Typically we don't want to just 'follow the input tokens' to check they obey the grammar rules. We want to take strategic actions when we recognise particular constructs in the input sequence. The usual way in which this is done is to jump out and execute action functions whenever a rule has been completely recognised and is therefore being reduced.
The grammar description syntax allows for this. We can stipulate after any rule a block of C# source code to be executed when that rule reduces (recognises its complete list of right-hand tokens). This action code is placed in curly braces immediately beneath its rule in the grammar.
Within the block of code beneath a rule, we can use dollar identifiers to refer to
the values associated with each token in the reducing grammar rule. The following positional
rules apply. The value associated with the first token on the right hand side of
the rule is given the name $0
, while the (N+1)th token is given the name
$N
. The special identifier $$
refers to the value to be
returned for the reduced non-terminal token. Hence it is usual to assign a value to
$$
before the end of the action code block.
The code below is an example of action handler code that might be used in a
sentence analysis program. Notice the use of numbered dollar arguments to access
the values returned for each token in the rule being reduced, and also notice the
use of $$
to set the value of the rule's left hand side token (adjectives)
ready for when that token is later a token on the right side of a parent rule in which it
too is later reduced.
adjectives:
adjectives ADJECTIVE
{
// Append adjective to list of all adjectives
if (AdjectiveList == null)
AdjectiveList = new List<string>();
AdjectiveList.Add($1.ToString());
$$ = AdjectiveList.Count;
// Track how many adjectives have been seen
AdjectivesCount++;
}
|
;
This inline style for writing action function code is used for both inline and offline parsers. An arguable disadvantage of the style above is that the automatic syntax checking and intellisense provided by Visual Studio and other compiler tools will not know how to interpret the code in a grammar input file. Hence it is good practice to place as little code as possible within an action code block, and make it call methods back in the parser class that you have written. These methods do the real work of handling a the consequences of a rule reduction. Note that the code you write in action functions will be placed in a derived class from your parser class. Hence they can only access public, protected or internal members of your parser class. Private members will not be accessible from inline action code.

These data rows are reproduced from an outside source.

(* Consider the Normal Partizan Domination game on a star $K_{1,n}$ with $n\geq 2$, whose universal (center) vertex has color $A$, with $a$ leaves of color $A$ and $b=n-a$ leaves of color $B$. Its value is: $a-b$ if $b<a$; $1/2^{b-a+1}$ if $b\geq a\geq 1$; $(b-1)\cdot\uparrow *$ if $b$ is odd and $a=0$; $(b-1)\cdot\uparrow$ if $b$ is even and $a=0$. If instead the universal vertex has color $B$, the value is $-J$, where $J$ is the value of the game obtained by interchanging the colors $A$ and $B$ on all vertices.
   Context: Normal Partizan Domination game: a finite graph $G$ has each vertex colored $A$, $B$ or $C$. Alice and Bob alternately select a vertex; Alice may only select vertices colored $A$ or $C$, Bob only vertices colored $B$ or $C$. A vertex $u$ dominates $v$ if $u=v$ or $uv$ is an edge. A vertex may be selected only if it is playable, i.e. it dominates at least one vertex not dominated by the previously selected vertices; the game ends when the selected vertices form a dominating set. Under normal play the player unable to move loses. The game is regarded as a partizan combinatorial game with Alice as Left and Bob as Right, and its value is its value in Conway's combinatorial game theory ($\{X\mid Y\}$ has Left options $X$ and Right options $Y$; $G+H$ is the disjunctive sum; $-G$ swaps Left and Right; $G=H$ iff $G+(-H)$ is a second-player win). Notation: integers and dyadic rationals $1/2^k$ are the usual number games; $*=\{0\mid 0\}$; $\uparrow=\{0\mid *\}$; $m\cdot\uparrow$ is the sum of $m$ copies of $\uparrow$ (and $0\cdot\uparrow=0$); $J*$ denotes $J+*$. *)

theory Defs
  imports Main
begin

section \<open>Short partizan games (Conway), Left = Alice, Right = Bob\<close>

datatype game = Game "game list" "game list"

text \<open>outc G = (Left wins moving first, Right wins moving first), normal play.\<close>
primrec outc :: "game \<Rightarrow> bool \<times> bool" where
  "outc (Game L R) =
     ((\<exists>p\<in>set (map outc L). \<not> snd p), (\<exists>p\<in>set (map outc R). \<not> fst p))"

definition second_player_win :: "game \<Rightarrow> bool" where
  "second_player_win G \<longleftrightarrow> \<not> fst (outc G) \<and> \<not> snd (outc G)"

primrec neg :: "game \<Rightarrow> game" where
  "neg (Game L R) = Game (map neg R) (map neg L)"

lemma size_opt_lt:
  "x \<in> set L \<Longrightarrow> size x < size (Game L R)"
  "x \<in> set R \<Longrightarrow> size x < size (Game L R)"
  by (auto dest: size_list_estimation'[where f = size, OF _ order_refl])

function gplus :: "game \<Rightarrow> game \<Rightarrow> game" where
  "gplus (Game GL GR) (Game HL HR) =
     Game (map (\<lambda>x. gplus x (Game HL HR)) GL @ map (\<lambda>y. gplus (Game GL GR) y) HL)
          (map (\<lambda>x. gplus x (Game HL HR)) GR @ map (\<lambda>y. gplus (Game GL GR) y) HR)"
  by pat_completeness auto
termination
  by (relation "measure (\<lambda>(g, h). size g + size h)")
     (auto dest: size_opt_lt[where L = GL and R = GR for GL GR]
                 size_opt_lt[where L = HL and R = HR for HL HR])

definition game_eq :: "game \<Rightarrow> game \<Rightarrow> bool" where
  "game_eq G H \<longleftrightarrow> second_player_win (gplus G (neg H))"

definition zero_g :: game where "zero_g = Game [] []"
definition star_g :: game where "star_g = Game [zero_g] [zero_g]"
definition up_g :: game where "up_g = Game [zero_g] [star_g]"

primrec nat_g :: "nat \<Rightarrow> game" where
  "nat_g 0 = zero_g"
| "nat_g (Suc n) = Game [nat_g n] []"

definition int_g :: "int \<Rightarrow> game" where
  "int_g z = (if 0 \<le> z then nat_g (nat z) else neg (nat_g (nat (- z))))"

text \<open>half_pow k is the number game 1/2^k.\<close>
primrec half_pow :: "nat \<Rightarrow> game" where
  "half_pow 0 = nat_g 1"
| "half_pow (Suc k) = Game [zero_g] [half_pow k]"

primrec ups :: "nat \<Rightarrow> game" where
  "ups 0 = zero_g"
| "ups (Suc m) = gplus up_g (ups m)"

datatype color = ColA | ColB | ColC

definition swap_col :: "color \<Rightarrow> color" where
  "swap_col x = (case x of ColA \<Rightarrow> ColB | ColB \<Rightarrow> ColA | ColC \<Rightarrow> ColC)"

definition cnbhd :: "nat set \<Rightarrow> (nat \<Rightarrow> nat \<Rightarrow> bool) \<Rightarrow> nat \<Rightarrow> nat set" where
  "cnbhd V E v = {u \<in> V. u = v \<or> E v u}"

lemma dg_term:
  assumes "v \<in> set (sorted_list_of_set V)" "\<not> cnbhd V E v \<subseteq> D"
  shows "card (V - (D \<union> cnbhd V E v)) < card (V - D)"
proof -
  have fin: "finite V" using assms(1) by (cases "finite V") auto
  have "V - (D \<union> cnbhd V E v) \<subset> V - D"
    using assms(2) unfolding cnbhd_def by auto
  then show ?thesis using fin by (meson finite_Diff psubset_card_mono)
qed

text \<open>Game position: D is the set of vertices dominated so far.\<close>
function dg :: "nat set \<Rightarrow> (nat \<Rightarrow> nat \<Rightarrow> bool) \<Rightarrow> (nat \<Rightarrow> color) \<Rightarrow> nat set \<Rightarrow> game" where
  "dg V E c D =
     Game (map (\<lambda>v. dg V E c (D \<union> cnbhd V E v))
             (filter (\<lambda>v. c v \<noteq> ColB \<and> \<not> cnbhd V E v \<subseteq> D) (sorted_list_of_set V)))
          (map (\<lambda>v. dg V E c (D \<union> cnbhd V E v))
             (filter (\<lambda>v. c v \<noteq> ColA \<and> \<not> cnbhd V E v \<subseteq> D) (sorted_list_of_set V)))"
  by pat_completeness auto
termination
  by (relation "measure (\<lambda>(V, E, c, D). card (V - D))") (auto intro: dg_term)

definition dom_game :: "nat set \<Rightarrow> (nat \<Rightarrow> nat \<Rightarrow> bool) \<Rightarrow> (nat \<Rightarrow> color) \<Rightarrow> game" where
  "dom_game V E c = dg V E c {}"

text \<open>Star K_{1,n}: vertex 0 is the centre, vertices 1..n are the leaves.\<close>
definition star_adj :: "nat \<Rightarrow> nat \<Rightarrow> bool" where
  "star_adj u v \<longleftrightarrow> (u = 0 \<and> v \<noteq> 0) \<or> (v = 0 \<and> u \<noteq> 0)"

definition star_game :: "nat \<Rightarrow> (nat \<Rightarrow> color) \<Rightarrow> game" where
  "star_game n c = dom_game {0..n} star_adj c"

end

(* In the star game with centre coloured A, a position only depends on the numbers p and q of
   undominated A- and B-leaves: Alice may end the game at the centre (value 0) or take an
   A-leaf, Bob may only take a B-leaf.  So the game equals
   star_pos p q = {0, star_pos (p - 1) q | star_pos p (q - 1)}, which is evaluated by induction:
   for q < p it is the integer p - q; for 1 <= p <= q it is {0 | 1/2^(q-p)} = 1/2^(q-p+1);
   for p = 0 the values start with 0, *, up, and from then on every further B-leaf adds up + *.
   If the centre is coloured B, interchanging A and B exchanges the roles of the players,
   which negates every position. *)

theory Submission
  imports Defs
begin

section \<open>Order, equality and sums of games\<close>

primrec lefts :: "game \<Rightarrow> game list" where
  "lefts (Game L R) = L"

primrec rights :: "game \<Rightarrow> game list" where
  "rights (Game L R) = R"

lemma size_lefts: "x \<in> set (lefts G) \<Longrightarrow> size x < size G"
  by (cases G) (simp only: lefts.simps size_opt_lt)

lemma size_rights: "x \<in> set (rights G) \<Longrightarrow> size x < size G"
  by (cases G) (simp only: rights.simps size_opt_lt)

lemma lefts_gplus: "lefts (gplus G H) = map (\<lambda>x. gplus x H) (lefts G) @ map (gplus G) (lefts H)"
  by (cases G; cases H) auto

lemma rights_gplus: "rights (gplus G H) = map (\<lambda>x. gplus x H) (rights G) @ map (gplus G) (rights H)"
  by (cases G; cases H) auto

lemma lefts_neg: "lefts (neg G) = map neg (rights G)"
  by (cases G) auto

lemma rights_neg: "rights (neg G) = map neg (lefts G)"
  by (cases G) auto

lemma outc_lefts_rights:
  "outc G = ((\<exists>l\<in>set (lefts G). \<not> snd (outc l)), (\<exists>r\<in>set (rights G). \<not> fst (outc r)))"
  by (cases G) auto

lemma neg_neg [simp]: "neg (neg G) = G"
  by (induction G) (auto simp: map_idI)

lemma outc_neg: "outc (neg G) = prod.swap (outc G)"
  by (induction G) auto

lemma neg_gplus: "neg (gplus G H) = gplus (neg G) (neg H)"
proof (induction "size G + size H" arbitrary: G H rule: less_induct)
  case less
  show ?case
  proof (cases G; cases H)
    fix GL GR HL HR assume GH: "G = Game GL GR" "H = Game HL HR"
    then have "x \<in> set GL \<union> set GR \<Longrightarrow> size x < size G"
      and "x \<in> set HL \<union> set HR \<Longrightarrow> size x < size H" for x
      using size_opt_lt by auto
    then show ?thesis using GH less by auto
  qed
qed

lemma gplus_zero_right [simp]: "gplus G zero_g = G"
  by (induction G) (auto simp: zero_g_def map_idI)

lemma gplus_zero_left [simp]: "gplus zero_g G = G"
  by (induction G) (auto simp: zero_g_def map_idI)

lemma neg_zero_g [simp]: "neg zero_g = zero_g"
  by (simp add: zero_g_def)

lemma neg_star_g [simp]: "neg star_g = star_g"
  by (simp add: star_g_def)

lemma outc_gplus_commute: "outc (gplus G H) = outc (gplus H G)"
proof (induction "size G + size H" arbitrary: G H rule: less_induct)
  case less
  have IH: "x \<in> set (lefts G) \<union> set (rights G) \<Longrightarrow> outc (gplus x H) = outc (gplus H x)"
    "y \<in> set (lefts H) \<union> set (rights H) \<Longrightarrow> outc (gplus G y) = outc (gplus y G)" for x y
    by (intro less; auto dest: size_lefts size_rights)+
  show ?case
    by (subst (1 2) outc_lefts_rights) (simp add: lefts_gplus rights_gplus IH bex_Un disj_commute)
qed

text \<open>\<open>game_gf G H\<close> is Conway's \<open>G \<rhd> H\<close> (greater than or confused with): Left, moving
  first, wins \<open>G - H\<close>.\<close>

definition game_ge :: "game \<Rightarrow> game \<Rightarrow> bool" where
  "game_ge G H \<longleftrightarrow> \<not> snd (outc (gplus G (neg H)))"

definition game_gf :: "game \<Rightarrow> game \<Rightarrow> bool" where
  "game_gf G H \<longleftrightarrow> fst (outc (gplus G (neg H)))"

lemma game_ge_iff:
  "game_ge G H \<longleftrightarrow> (\<forall>r\<in>set (rights G). game_gf r H) \<and> (\<forall>l\<in>set (lefts H). game_gf G l)"
  unfolding game_ge_def game_gf_def
  by (subst outc_lefts_rights) (auto simp: rights_gplus rights_neg)

lemma game_gf_iff:
  "game_gf G H \<longleftrightarrow> (\<exists>l\<in>set (lefts G). game_ge l H) \<or> (\<exists>r\<in>set (rights H). game_ge G r)"
  unfolding game_ge_def game_gf_def
  by (subst outc_lefts_rights) (auto simp: lefts_gplus lefts_neg)

lemma game_gf_iff_not_ge: "game_gf G H \<longleftrightarrow> \<not> game_ge H G"
proof -
  have "fst (outc (gplus G (neg H))) = snd (outc (neg (gplus G (neg H))))"
    by (simp add: outc_neg)
  also have "\<dots> = snd (outc (gplus H (neg G)))"
    by (simp add: neg_gplus outc_gplus_commute)
  finally show ?thesis
    unfolding game_ge_def game_gf_def by simp
qed

lemma game_eq_iff_ge: "game_eq G H \<longleftrightarrow> game_ge G H \<and> game_ge H G"
  using game_gf_iff_not_ge[of G H]
  unfolding game_eq_def second_player_win_def game_ge_def game_gf_def by auto

lemma game_geI:
  "(\<And>r. r \<in> set (rights G) \<Longrightarrow> game_gf r H) \<Longrightarrow> (\<And>l. l \<in> set (lefts H) \<Longrightarrow> game_gf G l)
    \<Longrightarrow> game_ge G H"
  using game_ge_iff by blast

lemma game_gfI_left: "l \<in> set (lefts G) \<Longrightarrow> game_ge l H \<Longrightarrow> game_gf G H"
  using game_gf_iff by blast

lemma game_gfI_right: "r \<in> set (rights H) \<Longrightarrow> game_ge G r \<Longrightarrow> game_gf G H"
  using game_gf_iff by blast

lemma game_ge_rightsD: "game_ge G H \<Longrightarrow> r \<in> set (rights G) \<Longrightarrow> game_gf r H"
  using game_ge_iff by blast

lemma game_ge_leftsD: "game_ge G H \<Longrightarrow> l \<in> set (lefts H) \<Longrightarrow> game_gf G l"
  using game_ge_iff by blast

lemma game_ge_refl [simp]: "game_ge G G"
proof (induction G)
  case (Game L R)
  show ?case
    by (rule game_geI) (auto intro: game_gfI_left game_gfI_right Game)
qed

lemma game_ge_gf_trans_simultaneous:
  "(game_ge A B \<longrightarrow> game_ge B C \<longrightarrow> game_ge A C)
   \<and> (game_gf A B \<longrightarrow> game_ge B C \<longrightarrow> game_gf A C)
   \<and> (game_ge A B \<longrightarrow> game_gf B C \<longrightarrow> game_gf A C)"
proof (induction "size A + size B + size C" arbitrary: A B C rule: less_induct)
  case less
  note IH = less[rule_format]
  have ge_ge: "game_ge A C" if AB: "game_ge A B" and BC: "game_ge B C"
  proof (rule game_geI)
    fix r assume r: "r \<in> set (rights A)"
    then show "game_gf r C"
      using IH[of r B C] game_ge_rightsD[OF AB r] BC size_rights[OF r] by auto
  next
    fix l assume l: "l \<in> set (lefts C)"
    then show "game_gf A l"
      using IH[of A B l] game_ge_leftsD[OF BC l] AB size_lefts[OF l] by auto
  qed
  have gf_ge: "game_gf A C" if AB: "game_gf A B" and BC: "game_ge B C"
  proof -
    from AB consider (left) l where "l \<in> set (lefts A)" "game_ge l B"
      | (right) r where "r \<in> set (rights B)" "game_ge A r"
      unfolding game_gf_iff by blast
    then show ?thesis
    proof cases
      case left
      then show ?thesis
        using IH[of l B C] BC size_lefts game_gfI_left by fastforce
    next
      case right
      then show ?thesis
        using IH[of A r C] game_ge_rightsD[OF BC] size_rights by fastforce
    qed
  qed
  have ge_gf: "game_gf A C" if AB: "game_ge A B" and BC: "game_gf B C"
  proof -
    from BC consider (left) l where "l \<in> set (lefts B)" "game_ge l C"
      | (right) r where "r \<in> set (rights C)" "game_ge B r"
      unfolding game_gf_iff by blast
    then show ?thesis
    proof cases
      case left
      then show ?thesis
        using IH[of A l C] game_ge_leftsD[OF AB] size_lefts by fastforce
    next
      case right
      then show ?thesis
        using IH[of A B r] AB size_rights game_gfI_right by fastforce
    qed
  qed
  show ?case
    using ge_ge gf_ge ge_gf by blast
qed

Sometimes in our action functions we would like to get access to the
Position
property of each IToken
that
appears in the current rule being reduced. The $N
parameters only give us access to the Value
property.
The Parser
base class of the class containing your action function
contains a property called TokenPosition
that is an array of strings.
This property fills in each string with the value of the Position
property from each of the right hand side tokens for the rule being reduced. Hence
the indexes of each token position string are the same as the index number for
each $N
parameter. Note that on rule reduction, the Position
parameter for the non-terminal token we are reducing the rule to is set to the value
of the first token in the right hand side of the rule being reduced. If the right hand
side is an empty rule, the position will be set to null. Note also that the
TokenPosition
property is only implemented in the LR(1) parser. Generalised
parsers (GLR) have a mechanism that builds a tree of recognised IToken
objects to represent the parser output. Hence the Position
properties
are directly available.
Here is some sample code demonstrating access to the position information in a rule reduction:
adjectives:
adjectives ADJECTIVE
{
// Append adjective to list of all adjectives
if (AdjectiveList == null)
AdjectiveList = new List<string>();
AdjectiveList.Add($1.ToString());
Console.WriteLine
("Position of ADJECTIVE ($1) is: {0}", TokenPosition[1]);
$$ = AdjectiveList.Count;
// Track how many adjectives have been seen
AdjectivesCount++;
}
|
;